Итальянец ходил точно так же, как Эмили, выпрямившись и прижав локти к бокам.
— Да я как-то с ним чаев не пивал, — голос Персиваля звучал неуверенно. И я испугался, что он не знает вообще ничего, и даже эта, вероятно несуществующая нить, оборвется. Но Персиваль продолжил: — Его карлик привел. Бат… Бот… на "Б", короче, его звали. И сказал, что итальяшка — циркач.
Цирк. Удивительный зверинец мэтра Марчиолло.
Мартышки с хрустальным шаром. Леопард в металлической чешуе. Сломавшийся единорог и лев, который не интересен, потому что слишком похож на живого.
Бакстер. Пропавшего механика звали Бакстером.
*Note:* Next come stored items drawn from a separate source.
lemma lp_norm_trunc_finite:
  assumes "is_norm N" "1 \<le> p"
  shows "lp_norm N p (trunc T a) < \<infinity>"
  using assms(2)
proof (cases rule: ereal_ge_1_cases)
  case 1
  have "N (trunc T a k) \<le> (\<Sum>s\<le>T. N (a s))" for k
    using is_normD(1,2)[OF assms(1)]
    by (auto simp: trunc_def intro: member_le_sum sum_nonneg)
  then have "(SUP k. ereal (N (trunc T a k))) \<le> ereal (\<Sum>s\<le>T. N (a s))"
    by (simp add: SUP_least)
  also have "\<dots> < \<infinity>" by simp
  finally show ?thesis using 1 unfolding lp_norm_def by simp
next
  case (2 q)
  have "summable (\<lambda>k. N (trunc T a k) powr q)"
    by (rule summable_finite[of "{..T}"]) (simp_all add: trunc_def is_normD(1)[OF assms(1)])
  then show ?thesis using 2 unfolding lp_norm_def by simp
qed
theorem lemma5p2:
  fixes C :: "'a graph set"
  assumes "\<forall>G\<in>C. graph G"
  shows "tree_rank_le 2 C \<longleftrightarrow> locally_almost_bounded_degree C"
proof
  assume "tree_rank_le 2 C"
  then obtain M where M: "\<And>r G. G \<in> C \<Longrightarrow> \<not> shallow_top_minor r (T 2 (M r)) G"
    unfolding tree_rank_le_def by metis
  show "locally_almost_bounded_degree C"
    unfolding locally_almost_bounded_degree_def
    using few_high_degree_if_no_T2_minor[OF _ _ M] assms
    by (intro exI[of _ "\<lambda>r. (M r + 1) ^ r"] exI[of _ "\<lambda>r. M r * (M r + r + 1)"] allI ballI) simp
next
  assume "locally_almost_bounded_degree C"
  then obtain f d where fd: "\<And>r G v. G \<in> C \<Longrightarrow> v \<in> verts G \<Longrightarrow>
      card {u \<in> nbhd r G v. d r < degree G u} \<le> f r"
    unfolding locally_almost_bounded_degree_def by blast
  show "tree_rank_le 2 C"
    unfolding tree_rank_le_def
  proof (intro allI exI ballI)
    fix r G assume "G \<in> C"
    then show "\<not> shallow_top_minor r (T 2 (f (Suc r) + d (Suc r) + 1)) G"
      using no_T2_minor_if_few_high_degree fd assms by blast
  qed
qed

end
И вполне вероятно, что человек в зеленом — служитель цирка, который хотел меня о чем-то предупредить!
Стоп. Все это слишком дико. Невозможно.
Но я видел льва и видел Эмили.
Резкие духи. Она изменила привычке, но это ничего не значит. Она… она просила меня больше не вмешиваться, но если все и вправду так, как кажется, то я не имею права не вмешаться.
Думай, Дориан. Думай!
Но единственная, пришедшая в голову мысль, была столь же бредовой, сколь и предыдущая.
Я смотрел в крысиные глаза. Я старался не моргать, и Ратт, почувствовав важность момента, старательно пялился на меня. Белые усы его чуть подрагивали, кончик носа шевелился, но больше ничего не происходило.
Но ведь там, в подвале, я сумел увидеть случившееся его глазами! И сейчас у меня получится.
Не имеет права не получиться.
Ничего.
От крысы пахнет сыром и хлебом. Передние лапы нервно царапают ладонь, задние по-прежнему неподвижны. Огрызок хвоста застрял между пальцами, но Ратта сие обстоятельство не беспокоит.
Его волную я. Ему кажется, что я безумен и, вероятно, в чем-то он прав.
— Не выйдет, — не без сожаления я положил крыса на стол.